Video codecs, part 3: H.264 & video over networks
Part 3 details the operation of H.264/AVC and discusses issues involved in transmitting video over networks.
By John W. Woods
DSP DesignLine
(07/23/08, 12:00:00 PM EDT)
This series is excerpted from "Multidimensional Signal, Image, and Video Processing and Coding." Order this book today at www.elsevierdirect.com or by calling 1-800-545-2522 and receive an additional 20% discount and free shipping. Use promotion code 92004 when ordering. Valid only in North America.

Part 2 looks at interframe coding, MPEG-2 & MPEG-4. Part 4 looks at Wavelet codecs.


11.3.5 Video Processing of MPEG-Coded Bitstreams
Various video processing tasks have been investigated for coded data and MPEG 2 in particular. In video editing of MPEG bitstreams, the question is how to take two or more MPEG input bitstreams and make one composite MPEG output bitstream. The problem with decoding/recoding is that it introduces artifacts and is computationally demanding. Staying as much in the MPEG 2 compressed domain as possible and reusing the editing mode decisions and motion vectors have been found essential. Since the GOP boundaries may not align, it is necessary to recode the one GOP where the edit point lies. Even then original bitrates may make the output video buffer verifier (VBV) overflow. The solution is to requantize this GOP and perhaps neighboring GOPs to reduce the likelihood of such buffer overflow. The recent introduction of the HDV format, featuring MPEG 2 compression of HD video in camera, brings the MPEG bitstream editing problem to the forefront. Many software products are emerging and promise to edit HDV video in its so-called native mode.
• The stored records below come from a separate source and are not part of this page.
lemma card_fillings_last_in_row:
  assumes "i < l" "x \<le> m i"
  shows "card {f \<in> {..<Suc (length mu)} \<rightarrow>\<^sub>E {..<l}.
              (\<forall>i'<l. row_sum f (mu @ [x]) i' = m i') \<and> f (length mu) = i}
       = count_fillings l mu (m(i := m i - x))"
proof -
  let ?r = "length mu"
  let ?S = "{f \<in> {..<Suc ?r} \<rightarrow>\<^sub>E {..<l}. (\<forall>i'<l. row_sum f (mu @ [x]) i' = m i') \<and> f ?r = i}"
  let ?T = "{g \<in> {..<?r} \<rightarrow>\<^sub>E {..<l}. \<forall>i'<l. row_sum g mu i' = (m(i := m i - x)) i'}"
  have "bij_betw (\<lambda>f. f(?r := undefined)) ?S ?T"
  proof (rule bij_betw_byWitness[where f' = "\<lambda>g. g(?r := i)"])
    show "(\<lambda>f. f(?r := undefined)) ` ?S \<subseteq> ?T"
    proof (rule image_subsetI)
      fix f assume "f \<in> ?S"
      then have f: "f \<in> {..<Suc ?r} \<rightarrow>\<^sub>E {..<l}" "\<forall>i'<l. row_sum f (mu @ [x]) i' = m i'" "f ?r = i"
        by auto
      show "f(?r := undefined) \<in> ?T"
      proof (intro CollectI conjI allI impI)
        show "f(?r := undefined) \<in> {..<?r} \<rightarrow>\<^sub>E {..<l}"
          using f(1) by (auto simp: PiE_def extensional_def)
        fix i' assume "i' < l"
        then show "row_sum (f(?r := undefined)) mu i' = (m(i := m i - x)) i'"
          using f(2)[rule_format, of i'] f(3) assms unfolding row_sum_upd_length
          by (auto simp: row_sum_snoc)
      qed
    qed
    show "(\<lambda>g. g(?r := i)) ` ?T \<subseteq> ?S"
    proof (rule image_subsetI)
      fix g assume "g \<in> ?T"
      then have g: "g \<in> {..<?r} \<rightarrow>\<^sub>E {..<l}" "\<forall>i'<l. row_sum g mu i' = (m(i := m i - x)) i'"
        by auto
      show "g(?r := i) \<in> ?S"
      proof (intro CollectI conjI allI impI)
        show "g(?r := i) \<in> {..<Suc ?r} \<rightarrow>\<^sub>E {..<l}"
          using g(1) assms by (auto simp: PiE_def extensional_def Pi_iff less_Suc_eq)
        fix i' assume "i' < l"
        then show "row_sum (g(?r := i)) (mu @ [x]) i' = m i'"
          using g(2)[rule_format, of i'] assms by (auto simp: row_sum_snoc row_sum_upd_length)
      qed simp
    qed
  qed (auto simp: PiE_def extensional_def)
  then show ?thesis
    unfolding count_fillings_def by (rule bij_betw_same_card)
qed

lemma count_fillings_snoc:
  "count_fillings l (mu @ [x]) m = (\<Sum>i | i < l \<and> x \<le> m i. count_fillings l mu (m(i := m i - x)))"
proof -
  let ?r = "length mu"
  define S where "S = {f \<in> {..<Suc ?r} \<rightarrow>\<^sub>E {..<l}. \<forall>i<l. row_sum f (mu @ [x]) i = m i}"
  define I where "I = {i. i < l \<and> x \<le> m i}"
  have cover: "S = (\<Union>i\<in>I. {f \<in> S. f ?r = i})"
  proof (intro equalityI subsetI)
    fix f assume f: "f \<in> S"
    then have "f ?r < l" "row_sum f (mu @ [x]) (f ?r) = m (f ?r)"
      unfolding S_def by auto
    then show "f \<in> (\<Union>i\<in>I. {f \<in> S. f ?r = i})"
      using f unfolding I_def by (auto simp: row_sum_snoc)
  qed auto
  have "finite S"
    unfolding S_def by (rule finite_subset[of _ "{..<Suc ?r} \<rightarrow>\<^sub>E {..<l}"]) (auto intro: finite_PiE)
  have "card S = card (\<Union>i\<in>I. {f \<in> S. f ?r = i})"
    by (rule arg_cong[where f = card, OF cover])
  also have "\<dots> = (\<Sum>i\<in>I. card {f \<in> S. f ?r = i})"
    by (rule card_UN_disjoint) (use \<open>finite S\<close> in \<open>auto simp: I_def\<close>)
  also have "\<dots> = (\<Sum>i\<in>I. count_fillings l mu (m(i := m i - x)))"
    by (intro sum.cong refl) (auto simp: I_def S_def card_fillings_last_in_row[symmetric] conj_assoc
        intro!: arg_cong[where f = card])
  finally show ?thesis
    unfolding count_fillings_def I_def S_def by simp
qed

section \<open>Coefficients of products of scaled Hermite polynomials\<close>

definition He_prod :: "nat \<Rightarrow> (nat \<Rightarrow> nat) \<Rightarrow> real poly" where
  "He_prod l m = (\<Prod>i<l. He_div_fact (m i))"

lemma prod_lessThan_fun_upd:
  "i < (l :: nat) \<Longrightarrow> (\<Prod>k<l. f ((m(i := v)) k)) = f v * (\<Prod>k\<in>{..<l} - {i}. f (m k))"
  by (subst prod.remove[of _ i]) (auto intro!: prod.cong)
The transcoding of MPEG question is how to go from a high-quality level of MPEG to a lower one, without decoding and recoding at the desired output rate. Transcoding is of interest for video-on-demand (VoD) applications. Transcoding is also of interest in video production work where short GOP (IPIP) may be used internally for editing and program creation, while the longer IBBPBBP··· long GOP structure is necessary for program distribution. Finally, there is the worldwide distribution problem, where 525 and 625 line systems3 continue to coexist. Here a motion-compensated transcoding of the MPEG bitstream is required. For more on transcoding, see Chapter 6.3 in Bovik's handbook [48].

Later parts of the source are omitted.